PROBLEM DETAILS
Among the lines of the material below, count those with the string "moreover". Give the number alone.

......

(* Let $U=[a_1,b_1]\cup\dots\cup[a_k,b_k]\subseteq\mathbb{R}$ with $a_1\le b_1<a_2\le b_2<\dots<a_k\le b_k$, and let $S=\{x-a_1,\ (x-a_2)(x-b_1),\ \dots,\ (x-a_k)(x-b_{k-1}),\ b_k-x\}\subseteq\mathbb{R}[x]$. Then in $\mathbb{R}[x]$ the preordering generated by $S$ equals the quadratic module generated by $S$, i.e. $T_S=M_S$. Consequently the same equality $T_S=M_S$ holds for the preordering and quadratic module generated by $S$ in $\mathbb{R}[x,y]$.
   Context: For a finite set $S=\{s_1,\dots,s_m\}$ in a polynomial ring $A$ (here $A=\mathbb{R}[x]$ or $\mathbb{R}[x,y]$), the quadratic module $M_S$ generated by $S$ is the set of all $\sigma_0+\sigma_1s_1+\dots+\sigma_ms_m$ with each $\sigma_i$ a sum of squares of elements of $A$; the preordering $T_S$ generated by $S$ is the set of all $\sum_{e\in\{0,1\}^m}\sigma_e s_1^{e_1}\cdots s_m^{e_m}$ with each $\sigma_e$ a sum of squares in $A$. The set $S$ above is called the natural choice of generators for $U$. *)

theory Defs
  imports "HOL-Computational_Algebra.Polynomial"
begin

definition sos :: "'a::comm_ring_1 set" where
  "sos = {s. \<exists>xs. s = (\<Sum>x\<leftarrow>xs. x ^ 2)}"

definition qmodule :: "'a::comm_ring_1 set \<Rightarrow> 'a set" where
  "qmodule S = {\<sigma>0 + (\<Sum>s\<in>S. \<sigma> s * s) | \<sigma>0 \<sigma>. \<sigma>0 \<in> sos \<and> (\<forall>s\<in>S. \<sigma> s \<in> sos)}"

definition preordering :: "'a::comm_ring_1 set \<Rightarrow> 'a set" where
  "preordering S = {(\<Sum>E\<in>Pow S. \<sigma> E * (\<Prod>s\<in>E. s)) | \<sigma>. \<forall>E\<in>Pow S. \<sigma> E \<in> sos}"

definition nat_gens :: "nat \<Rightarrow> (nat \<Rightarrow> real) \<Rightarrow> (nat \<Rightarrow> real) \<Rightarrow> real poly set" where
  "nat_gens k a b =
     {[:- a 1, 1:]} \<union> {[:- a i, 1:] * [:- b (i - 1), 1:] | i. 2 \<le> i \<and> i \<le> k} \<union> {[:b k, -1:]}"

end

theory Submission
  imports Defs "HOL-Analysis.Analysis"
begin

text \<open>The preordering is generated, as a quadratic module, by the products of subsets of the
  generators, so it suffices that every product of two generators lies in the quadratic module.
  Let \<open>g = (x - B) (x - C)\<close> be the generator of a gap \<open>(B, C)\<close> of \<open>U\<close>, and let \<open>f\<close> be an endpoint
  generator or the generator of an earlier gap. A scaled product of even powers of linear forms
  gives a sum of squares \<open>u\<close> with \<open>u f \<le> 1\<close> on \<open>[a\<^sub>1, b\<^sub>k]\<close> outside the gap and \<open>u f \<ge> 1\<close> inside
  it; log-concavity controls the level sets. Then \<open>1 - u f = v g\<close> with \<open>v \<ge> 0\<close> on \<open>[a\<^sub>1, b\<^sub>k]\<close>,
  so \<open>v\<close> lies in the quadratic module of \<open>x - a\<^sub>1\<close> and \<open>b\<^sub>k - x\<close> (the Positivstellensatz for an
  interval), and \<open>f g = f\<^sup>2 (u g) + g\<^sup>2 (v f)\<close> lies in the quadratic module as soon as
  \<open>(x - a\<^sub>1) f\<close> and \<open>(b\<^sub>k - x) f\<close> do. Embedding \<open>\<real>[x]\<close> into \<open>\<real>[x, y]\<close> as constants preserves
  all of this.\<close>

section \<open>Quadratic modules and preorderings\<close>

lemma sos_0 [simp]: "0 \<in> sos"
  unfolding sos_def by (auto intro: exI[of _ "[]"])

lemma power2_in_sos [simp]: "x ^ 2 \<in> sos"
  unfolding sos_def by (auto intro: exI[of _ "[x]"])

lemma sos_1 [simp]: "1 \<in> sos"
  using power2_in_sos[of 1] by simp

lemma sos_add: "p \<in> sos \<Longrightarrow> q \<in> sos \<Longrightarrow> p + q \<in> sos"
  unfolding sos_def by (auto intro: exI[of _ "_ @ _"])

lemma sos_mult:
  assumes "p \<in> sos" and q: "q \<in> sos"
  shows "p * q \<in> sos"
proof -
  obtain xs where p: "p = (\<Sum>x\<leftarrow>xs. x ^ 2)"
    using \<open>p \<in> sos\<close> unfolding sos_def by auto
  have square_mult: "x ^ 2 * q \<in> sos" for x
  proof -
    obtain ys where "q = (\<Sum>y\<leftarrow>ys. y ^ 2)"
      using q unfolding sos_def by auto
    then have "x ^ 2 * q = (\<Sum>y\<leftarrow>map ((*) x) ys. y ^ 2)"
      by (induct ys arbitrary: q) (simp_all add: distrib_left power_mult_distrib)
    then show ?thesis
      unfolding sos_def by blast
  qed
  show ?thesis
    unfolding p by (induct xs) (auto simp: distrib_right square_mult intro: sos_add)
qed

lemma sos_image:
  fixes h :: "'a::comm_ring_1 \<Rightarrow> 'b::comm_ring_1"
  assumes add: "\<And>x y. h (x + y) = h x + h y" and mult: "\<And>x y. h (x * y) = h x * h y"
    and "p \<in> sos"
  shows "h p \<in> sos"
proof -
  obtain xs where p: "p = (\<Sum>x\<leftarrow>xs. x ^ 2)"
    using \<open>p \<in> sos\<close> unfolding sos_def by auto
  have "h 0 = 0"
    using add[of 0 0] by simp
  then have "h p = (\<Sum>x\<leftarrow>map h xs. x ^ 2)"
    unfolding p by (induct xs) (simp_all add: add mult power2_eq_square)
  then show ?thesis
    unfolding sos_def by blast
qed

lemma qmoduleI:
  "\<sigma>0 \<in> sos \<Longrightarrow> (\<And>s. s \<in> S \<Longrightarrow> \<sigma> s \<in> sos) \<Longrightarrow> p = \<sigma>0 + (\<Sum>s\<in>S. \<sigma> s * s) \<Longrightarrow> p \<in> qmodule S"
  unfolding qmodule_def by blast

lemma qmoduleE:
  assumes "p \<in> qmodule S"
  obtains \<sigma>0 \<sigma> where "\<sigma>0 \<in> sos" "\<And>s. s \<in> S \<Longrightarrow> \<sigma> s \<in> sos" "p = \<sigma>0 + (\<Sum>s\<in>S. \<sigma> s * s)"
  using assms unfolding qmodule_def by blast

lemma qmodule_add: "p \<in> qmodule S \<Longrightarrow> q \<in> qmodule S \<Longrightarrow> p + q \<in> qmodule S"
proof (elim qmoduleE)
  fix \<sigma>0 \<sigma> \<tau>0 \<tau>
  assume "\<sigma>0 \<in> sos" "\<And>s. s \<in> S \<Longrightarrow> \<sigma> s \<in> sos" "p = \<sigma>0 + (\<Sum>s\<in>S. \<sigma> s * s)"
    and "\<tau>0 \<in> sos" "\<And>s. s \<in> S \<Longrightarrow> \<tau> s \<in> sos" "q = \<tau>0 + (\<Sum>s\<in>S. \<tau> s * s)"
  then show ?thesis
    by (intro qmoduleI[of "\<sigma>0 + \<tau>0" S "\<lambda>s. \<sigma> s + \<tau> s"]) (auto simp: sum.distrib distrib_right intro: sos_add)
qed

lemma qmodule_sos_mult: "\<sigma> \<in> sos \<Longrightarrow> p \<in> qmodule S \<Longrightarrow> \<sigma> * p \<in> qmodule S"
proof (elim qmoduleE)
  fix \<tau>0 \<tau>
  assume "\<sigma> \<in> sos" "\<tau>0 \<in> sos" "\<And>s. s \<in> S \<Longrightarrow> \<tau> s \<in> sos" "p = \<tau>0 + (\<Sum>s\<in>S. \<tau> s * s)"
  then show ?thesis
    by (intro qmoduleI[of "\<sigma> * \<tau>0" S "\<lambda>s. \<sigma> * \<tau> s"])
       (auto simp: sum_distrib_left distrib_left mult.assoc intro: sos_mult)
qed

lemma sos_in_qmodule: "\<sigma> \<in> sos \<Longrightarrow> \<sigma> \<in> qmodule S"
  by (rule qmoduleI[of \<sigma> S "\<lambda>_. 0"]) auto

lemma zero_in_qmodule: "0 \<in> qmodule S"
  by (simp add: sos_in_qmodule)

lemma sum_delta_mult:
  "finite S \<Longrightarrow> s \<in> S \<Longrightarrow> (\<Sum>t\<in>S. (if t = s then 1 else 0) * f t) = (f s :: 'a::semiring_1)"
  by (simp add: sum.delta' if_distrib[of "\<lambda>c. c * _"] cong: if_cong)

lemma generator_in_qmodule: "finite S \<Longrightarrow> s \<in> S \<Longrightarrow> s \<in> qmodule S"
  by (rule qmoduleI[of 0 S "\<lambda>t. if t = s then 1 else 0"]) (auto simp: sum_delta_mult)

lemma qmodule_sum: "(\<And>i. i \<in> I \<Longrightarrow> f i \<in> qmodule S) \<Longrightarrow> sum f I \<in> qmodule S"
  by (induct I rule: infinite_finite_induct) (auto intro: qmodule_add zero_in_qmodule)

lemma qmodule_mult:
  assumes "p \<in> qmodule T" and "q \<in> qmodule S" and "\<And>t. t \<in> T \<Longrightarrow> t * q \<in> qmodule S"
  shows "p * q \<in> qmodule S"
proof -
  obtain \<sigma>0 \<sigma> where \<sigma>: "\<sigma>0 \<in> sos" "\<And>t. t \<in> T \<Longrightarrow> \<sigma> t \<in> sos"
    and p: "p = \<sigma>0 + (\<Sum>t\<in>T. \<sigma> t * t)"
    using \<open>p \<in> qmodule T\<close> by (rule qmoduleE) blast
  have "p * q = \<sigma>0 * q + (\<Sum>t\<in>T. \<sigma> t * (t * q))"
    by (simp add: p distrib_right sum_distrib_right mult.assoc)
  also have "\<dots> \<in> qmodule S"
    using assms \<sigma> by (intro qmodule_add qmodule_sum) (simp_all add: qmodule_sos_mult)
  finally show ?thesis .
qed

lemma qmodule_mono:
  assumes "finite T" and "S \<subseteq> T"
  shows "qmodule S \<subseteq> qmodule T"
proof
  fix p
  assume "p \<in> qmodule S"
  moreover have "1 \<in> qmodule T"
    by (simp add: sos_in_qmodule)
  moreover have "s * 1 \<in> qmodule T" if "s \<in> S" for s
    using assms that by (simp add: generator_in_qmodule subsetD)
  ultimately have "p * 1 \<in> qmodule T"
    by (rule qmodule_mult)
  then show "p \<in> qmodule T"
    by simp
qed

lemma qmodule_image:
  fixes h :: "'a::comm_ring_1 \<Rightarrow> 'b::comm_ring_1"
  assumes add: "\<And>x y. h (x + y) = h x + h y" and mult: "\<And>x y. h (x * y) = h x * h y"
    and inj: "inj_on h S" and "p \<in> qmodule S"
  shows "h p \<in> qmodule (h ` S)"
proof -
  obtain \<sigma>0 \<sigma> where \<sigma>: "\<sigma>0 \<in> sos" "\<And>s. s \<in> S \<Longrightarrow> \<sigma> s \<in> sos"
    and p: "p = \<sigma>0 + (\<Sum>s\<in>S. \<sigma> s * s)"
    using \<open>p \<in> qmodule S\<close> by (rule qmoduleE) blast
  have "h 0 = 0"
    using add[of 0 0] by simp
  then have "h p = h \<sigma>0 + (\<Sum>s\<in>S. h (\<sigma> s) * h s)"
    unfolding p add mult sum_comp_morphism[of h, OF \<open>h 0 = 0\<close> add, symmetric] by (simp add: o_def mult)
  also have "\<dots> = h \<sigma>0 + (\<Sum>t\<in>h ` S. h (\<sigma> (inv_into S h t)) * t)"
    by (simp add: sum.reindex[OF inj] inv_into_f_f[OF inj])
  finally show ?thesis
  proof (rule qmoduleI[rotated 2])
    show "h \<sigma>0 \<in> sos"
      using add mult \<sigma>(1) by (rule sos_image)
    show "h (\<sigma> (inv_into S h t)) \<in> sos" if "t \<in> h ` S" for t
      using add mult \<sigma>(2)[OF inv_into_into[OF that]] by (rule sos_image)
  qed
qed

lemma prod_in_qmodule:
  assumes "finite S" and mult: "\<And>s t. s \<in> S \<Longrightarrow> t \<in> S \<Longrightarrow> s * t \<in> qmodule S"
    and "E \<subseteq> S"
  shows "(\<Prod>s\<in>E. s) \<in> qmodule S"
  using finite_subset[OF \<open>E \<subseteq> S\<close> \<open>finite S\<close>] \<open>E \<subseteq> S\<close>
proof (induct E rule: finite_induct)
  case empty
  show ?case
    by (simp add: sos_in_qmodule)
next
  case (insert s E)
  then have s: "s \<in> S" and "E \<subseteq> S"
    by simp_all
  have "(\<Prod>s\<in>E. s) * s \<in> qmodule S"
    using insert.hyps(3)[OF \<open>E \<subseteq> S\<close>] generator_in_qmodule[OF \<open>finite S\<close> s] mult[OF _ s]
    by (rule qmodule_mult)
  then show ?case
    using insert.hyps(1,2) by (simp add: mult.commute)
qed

......

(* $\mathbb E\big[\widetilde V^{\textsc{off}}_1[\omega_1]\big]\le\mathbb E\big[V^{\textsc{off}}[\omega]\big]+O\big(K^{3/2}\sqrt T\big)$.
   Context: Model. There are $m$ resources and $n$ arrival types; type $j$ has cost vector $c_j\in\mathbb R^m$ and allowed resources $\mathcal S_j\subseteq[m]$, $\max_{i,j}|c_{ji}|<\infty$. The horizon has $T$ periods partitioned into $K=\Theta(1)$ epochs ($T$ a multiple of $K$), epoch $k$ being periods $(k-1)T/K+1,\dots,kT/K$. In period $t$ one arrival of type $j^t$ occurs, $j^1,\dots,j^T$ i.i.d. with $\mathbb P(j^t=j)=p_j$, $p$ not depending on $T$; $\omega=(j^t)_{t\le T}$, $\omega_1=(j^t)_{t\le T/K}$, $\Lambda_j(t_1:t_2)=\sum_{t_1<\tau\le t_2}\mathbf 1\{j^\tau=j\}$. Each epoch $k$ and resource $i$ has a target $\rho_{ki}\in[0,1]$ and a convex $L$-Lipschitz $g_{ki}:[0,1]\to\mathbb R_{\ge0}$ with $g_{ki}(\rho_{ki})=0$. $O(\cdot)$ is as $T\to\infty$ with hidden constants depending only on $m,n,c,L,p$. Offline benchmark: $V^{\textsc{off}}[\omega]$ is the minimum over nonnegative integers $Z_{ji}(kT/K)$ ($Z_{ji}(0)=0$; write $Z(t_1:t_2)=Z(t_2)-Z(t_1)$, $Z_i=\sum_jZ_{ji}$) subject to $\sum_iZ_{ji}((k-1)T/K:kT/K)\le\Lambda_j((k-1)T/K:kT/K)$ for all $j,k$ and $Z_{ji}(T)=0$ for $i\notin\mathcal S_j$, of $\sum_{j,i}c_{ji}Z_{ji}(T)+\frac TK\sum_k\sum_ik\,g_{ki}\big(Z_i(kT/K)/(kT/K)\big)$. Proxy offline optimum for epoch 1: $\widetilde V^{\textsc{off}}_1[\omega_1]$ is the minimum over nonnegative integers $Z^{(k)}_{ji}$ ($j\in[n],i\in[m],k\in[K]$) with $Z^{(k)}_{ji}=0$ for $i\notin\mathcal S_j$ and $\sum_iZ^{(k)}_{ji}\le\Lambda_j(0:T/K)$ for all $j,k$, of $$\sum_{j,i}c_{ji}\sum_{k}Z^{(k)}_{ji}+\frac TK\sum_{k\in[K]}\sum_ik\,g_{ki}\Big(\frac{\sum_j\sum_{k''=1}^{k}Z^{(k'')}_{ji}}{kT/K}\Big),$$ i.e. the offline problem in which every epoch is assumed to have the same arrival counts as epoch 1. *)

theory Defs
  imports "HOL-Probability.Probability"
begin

......

THE COMPLETED TASK
2